■ WHAT YOU WILL DO
For each line of the data below that contains "moreover", return that line.

■ INFORMATION
text \<open>Evaluate the gradient inequality at \<open>x\<close> and the upper bound at \<open>xt\<close> in the point
  \<open>xt - (g xt - g x) / L\<close>.\<close>
lemma lipschitz_gradient_cocoercive:
  fixes f :: "'v::real_inner \<Rightarrow> real"
  assumes cvx: "convex_on UNIV f"
    and grad: "\<And>y. (f has_derivative (\<lambda>h. g y \<bullet> h)) (at y)"
    and lip: "\<And>y z. norm (g y - g z) \<le> L * norm (y - z)"
  shows "(norm (g x - g xt))\<^sup>2 \<le> 2 * L * (f xt - f x - g x \<bullet> (xt - x))"
proof (cases "L \<le> 0")
  case True
  have "norm (g x - g xt) \<le> L * norm (x - xt)" by (rule lip)
  moreover have "L * norm (x - xt) \<le> 0" using True by (simp add: mult_nonpos_nonneg)
  ultimately have "norm (g x - g xt) = 0" and "L * norm (x - xt) = 0"
    using norm_ge_zero[of "g x - g xt"] by linarith+
  then show ?thesis by auto
next
  case False
  define G where "G = g xt - g x"
  define u where "u = xt - (1 / L) *\<^sub>R G"
  have "f x + g x \<bullet> (u - x) \<le> f xt + g xt \<bullet> (u - xt) + L / 2 * (norm (u - xt))\<^sup>2"
    using convex_on_gradient_inequality[OF cvx grad, of x u]
      lipschitz_gradient_upper_bound[OF grad lip, where y = xt and z = u] by linarith
  then have "0 \<le> f xt - f x - g x \<bullet> (xt - x) + (G \<bullet> (u - xt) + L / 2 * (norm (u - xt))\<^sup>2)"
    by (simp add: G_def inner_diff_right inner_diff_left algebra_simps)
  moreover have "G \<bullet> (u - xt) + L / 2 * (norm (u - xt))\<^sup>2 = - (norm G)\<^sup>2 / (2 * L)"
    using False by (simp add: u_def dot_square_norm power2_eq_square field_simps)
  ultimately have "(norm G)\<^sup>2 / (2 * L) \<le> f xt - f x - g x \<bullet> (xt - x)" by linarith
  then show ?thesis
    using False by (simp add: G_def norm_minus_commute field_simps)
qed

section \<open>Second moments of finitely supported distributions\<close>

lemma power2_norm_add:
  "(norm (a + b :: 'v::real_inner))\<^sup>2 = (norm a)\<^sup>2 + 2 * (a \<bullet> b) + (norm b)\<^sup>2"
  by (simp add: power2_norm_eq_inner inner_add_left inner_add_right inner_commute)

lemma power2_norm_diff:
  "(norm (a - b :: 'v::real_inner))\<^sup>2 = (norm a)\<^sup>2 - 2 * (a \<bullet> b) + (norm b)\<^sup>2"
  by (simp add: power2_norm_eq_inner inner_diff_left inner_diff_right inner_commute)

lemma power2_norm_add_le: "(norm (a + b :: 'v::real_inner))\<^sup>2 \<le> 2 * (norm a)\<^sup>2 + 2 * (norm b)\<^sup>2"
  using power2_norm_add[of a b] power2_norm_diff[of a b] zero_le_power2[of "norm (a - b)"]
  by linarith

lemma power2_norm_mean_le:
  fixes e :: "'a \<Rightarrow> 'v::real_inner"
  shows "(norm ((1 / real (card A)) *\<^sub>R (\<Sum>i\<in>A. e i)))\<^sup>2 \<le> (1 / real (card A)) * (\<Sum>i\<in>A. (norm (e i))\<^sup>2)"
proof -
  have "(norm (\<Sum>i\<in>A. e i))\<^sup>2 = (\<Sum>j\<in>A. \<Sum>i\<in>A. e i \<bullet> e j)"
    by (simp add: power2_norm_eq_inner inner_sum_left inner_sum_right)
  also have "\<dots> \<le> (\<Sum>j\<in>A. \<Sum>i\<in>A. ((norm (e i))\<^sup>2 + (norm (e j))\<^sup>2) / 2)"
  proof (intro sum_mono)
    fix i j
    have "0 \<le> (norm (e i - e j))\<^sup>2" by simp
    then show "e i \<bullet> e j \<le> ((norm (e i))\<^sup>2 + (norm (e j))\<^sup>2) / 2"
      by (simp add: power2_norm_diff)
  qed
  also have "\<dots> = real (card A) * (\<Sum>i\<in>A. (norm (e i))\<^sup>2)"
    by (simp add: sum.distrib add_divide_distrib sum_divide_distrib[symmetric] sum_distrib_left[symmetric])
  finally have "(norm (\<Sum>i\<in>A. e i))\<^sup>2 \<le> real (card A) * (\<Sum>i\<in>A. (norm (e i))\<^sup>2)" .
  then have "(1 / real (card A))\<^sup>2 * (norm (\<Sum>i\<in>A. e i))\<^sup>2
      \<le> (1 / real (card A))\<^sup>2 * (real (card A) * (\<Sum>i\<in>A. (norm (e i))\<^sup>2))"
    by (intro mult_left_mono) auto
  then show ?thesis
    by (cases "card A = 0") (simp_all add: power_mult_distrib power2_eq_square)
qed

lemma finite_set_pmf_Pi_pmf:
  assumes "finite A" "\<And>k. k \<in> A \<Longrightarrow> finite (set_pmf (P k))"
  shows "finite (set_pmf (Pi_pmf A d P))"
  using assms by (simp add: set_Pi_pmf finite_PiE_dflt)

lemma expectation_bind_pmf_finite:
  fixes h :: "'b \<Rightarrow> 'c::{banach, second_countable_topology}"
  assumes "finite (set_pmf p)" "\<And>a. a \<in> set_pmf p \<Longrightarrow> finite (set_pmf (f a))"
  shows "measure_pmf.expectation (bind_pmf p f) h
       = measure_pmf.expectation p (\<lambda>a. measure_pmf.expectation (f a) h)"
  using assms
  by (simp add: pmf_expectation_bind[of "set_pmf p"] integral_measure_pmf[of "set_pmf p"])

lemma expectation_pair_pmf_finite:
  fixes h :: "'a \<times> 'b \<Rightarrow> 'c::{banach, second_countable_topology}"
  assumes "finite (set_pmf p)" "finite (set_pmf q)"
  shows "measure_pmf.expectation (pair_pmf p q) h
       = measure_pmf.expectation p (\<lambda>a. measure_pmf.expectation q (\<lambda>b. h (a, b)))"
  unfolding pair_pmf_def using assms by (simp add: expectation_bind_pmf_finite)

lemma expectation_Pi_pmf_component:
  fixes h :: "'b \<Rightarrow> 'c::{banach, second_countable_topology}"
  assumes "finite A" "i \<in> A"
  shows "measure_pmf.expectation (Pi_pmf A d P) (\<lambda>\<omega>. h (\<omega> i)) = measure_pmf.expectation (P i) h"
proof -
  have "map_pmf (\<lambda>\<omega>. \<omega> i) (Pi_pmf A d P) = P i"
    using Pi_pmf_component[OF assms(1), of i d P] assms(2) by simp
  then show ?thesis by (metis integral_map_pmf)
qed

lemma set_pmf_of_set_lessThan: "(n::nat) \<ge> 1 \<Longrightarrow> set_pmf (pmf_of_set {..<n}) = {..<n}"
  by (intro set_pmf_of_set) (simp_all add: lessThan_empty_iff)

lemma expectation_pmf_of_set_lessThan:
  fixes h :: "nat \<Rightarrow> 'c::{banach, second_countable_topology}"
  assumes "n \<ge> 1"
  shows "measure_pmf.expectation (pmf_of_set {..<n}) h = (1 / real n) *\<^sub>R (\<Sum>a<n. h a)"
  by (subst integral_measure_pmf[of "{..<n}"])
    (use assms in \<open>auto simp: scaleR_sum_right set_pmf_of_set_lessThan lessThan_empty_iff\<close>)
text \<open>Solutions of the quotient system of \<open>Q(m,0)\<close> that are symmetric in \<open>v\<^sub>2\<close> and \<open>v\<^sub>4\<close>
  (here \<open>a, b, c\<close> are the values at \<open>v\<^sub>1, v\<^sub>2 = v\<^sub>4, v\<^sub>3\<close>). Prescribing \<open>b = 2u\<close>, \<open>c = 2w\<close>
  and solving the middle two equations for \<open>a\<close> and \<open>S\<close> leaves a \<open>2\<times>2\<close> system in \<open>(u, w)\<close>
  of determinant \<open>2 Q1_poly m r x\<close>.\<close>
lemma Q1_quotient_solution_of_root:
  fixes m r x :: real
  assumes "Q1_poly m r x = 0"
  shows "\<exists>a b c S. (b \<noteq> 0 \<or> c \<noteq> 0) \<and> (x^2-4*m)*a + 4*x*b + (2*m-x)*S = 0
     \<and> x*b = S - 2*a - 2*c \<and> x*c = S - 4*b \<and> (x-2*m)*a + 2*x*b + x*c + (m+r-x)*S = 0"
proof -
  define \<alpha>1 where "\<alpha>1 = 4*m*x - x^3 + 4*x^2"
  define \<beta>1 where "\<beta>1 = 8*m + x^3 - 4*x^2"
  define \<alpha>2 where "\<alpha>2 = 2*m*x + 8*r - x^2"
  define \<beta>2 where "\<beta>2 = 4*m + 2*r*x - x^2"
  have "\<alpha>1*\<beta>2 - \<beta>1*\<alpha>2 = 2 * Q1_poly m r x"
    unfolding \<alpha>1_def \<beta>1_def \<alpha>2_def \<beta>2_def Q1_poly_def
    by (simp add: algebra_simps power_numeral_reduce)
  then obtain u w where uw: "u \<noteq> 0 \<or> w \<noteq> 0" "\<alpha>1*u + \<beta>1*w = 0" "\<alpha>2*u + \<beta>2*w = 0"
    using homogeneous_2x2_nontrivial_solution[of \<alpha>1 \<beta>2 \<beta>1 \<alpha>2] assms by auto
  define a where "a = (x-2)*w - (x-4)*u"
  define S where "S = 2*x*w + 8*u"
  have "(x^2-4*m)*a + 4*x*(2*u) + (2*m-x)*S = \<alpha>1*u + \<beta>1*w"
    "(x-2*m)*a + 2*x*(2*u) + x*(2*w) + (m+r-x)*S = \<alpha>2*u + \<beta>2*w"
    unfolding a_def S_def \<alpha>1_def \<beta>1_def \<alpha>2_def \<beta>2_def
    by (simp_all add: algebra_simps power_numeral_reduce)
  moreover have "x*(2*u) = S - 2*a - 2*(2*w)" "x*(2*w) = S - 4*(2*u)"
    unfolding a_def S_def by (simp_all add: algebra_simps)
  ultimately show ?thesis using uw by (intro exI[of _ a] exI[of _ "2*u"] exI[of _ "2*w"] exI[of _ S]) auto
qed

lemma Q1_eigenvalue_of_root:
  fixes m r :: nat and x :: real
  assumes root: "Q1_poly m r x = 0" and "x \<noteq> 0"
  shows "eigenvalue (signed_Kn (m+4+r) (Q_edges m 0)) (x-1)"
proof -
  define n where "n = m+4+r"
  have n': "4+m+0 \<le> n" unfolding n_def by simp
  obtain a b c S where sol: "b \<noteq> 0 \<or> c \<noteq> 0" "(x^2-4*real m)*a + 4*x*b + (2*real m-x)*S = 0"
    "x*b = S - 2*a - 2*c" "x*c = S - 4*b" "(x-2*real m)*a + 2*x*b + x*c + (real m+real r-x)*S = 0"
    using Q1_quotient_solution_of_root[OF root] by blast
  define v where "v = vec n (\<lambda>i. if i = 0 then a else if i = 1 \<or> i = 3 then b else if i = 2 then c
      else if i < 4+m then (S-2*a)/x else S/x)"
  have v: "v \<in> carrier_vec n" unfolding v_def by simp
  have P: "(\<Sum>j\<in>{4..<4+m}. v$j) = m * ((S-2*a)/x)"
    unfolding v_def n_def by (simp cong: sum.cong_simp)
  have Z: "(\<Sum>j\<in>{4+m+0..<n}. v$j) = r * (S/x)"
    unfolding v_def n_def by (simp cong: sum.cong_simp)
  have "(\<Sum>j<n. v$j) = a + b + c + b + m * ((S-2*a)/x) + r * (S/x)"
    using sum_lessThan_split_Q[OF n', of "\<lambda>j. v$j"] P Z unfolding v_def n_def by simp
  also have "\<dots> = S" using sol(5) \<open>x \<noteq> 0\<close> by (simp add: field_simps)
  finally have sum: "(\<Sum>j<n. v$j) = S" .
  have "x*a = S - 2*(b + b + m*((S-2*a)/x))"
    using sol(2) \<open>x \<noteq> 0\<close> by (simp add: field_simps power2_eq_square)
  then have "signed_Kn n (Q_edges m 0) *\<^sub>v v = (x-1) \<cdot>\<^sub>v v"
    unfolding signed_Kn_Q_eigen_iff[OF n' v] sum P using sol \<open>x \<noteq> 0\<close>
    by (simp add: v_def n_def)
  moreover have "v \<noteq> 0\<^sub>v n"
  proof
    assume "v = 0\<^sub>v n"
    then have "v$1 = 0" "v$2 = 0" unfolding n_def by auto
    then show False using sol(1) unfolding v_def n_def by simp
  qed
  ultimately show ?thesis
    unfolding eigenvalue_signed_Kn_iff n_def[symmetric] using v by blast
qed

■ RESPONSE
  moreover have "L * norm (x - xt) \<le> 0" using True by (simp add: mult_nonpos_nonneg)
  moreover have "G \<bullet> (u - xt) + L / 2 * (norm (u - xt))\<^sup>2 = - (norm G)\<^sup>2 / (2 * L)"
  moreover have "x*(2*u) = S - 2*a - 2*(2*w)" "x*(2*w) = S - 4*(2*u)"
  moreover have "v \<noteq> 0\<^sub>v n"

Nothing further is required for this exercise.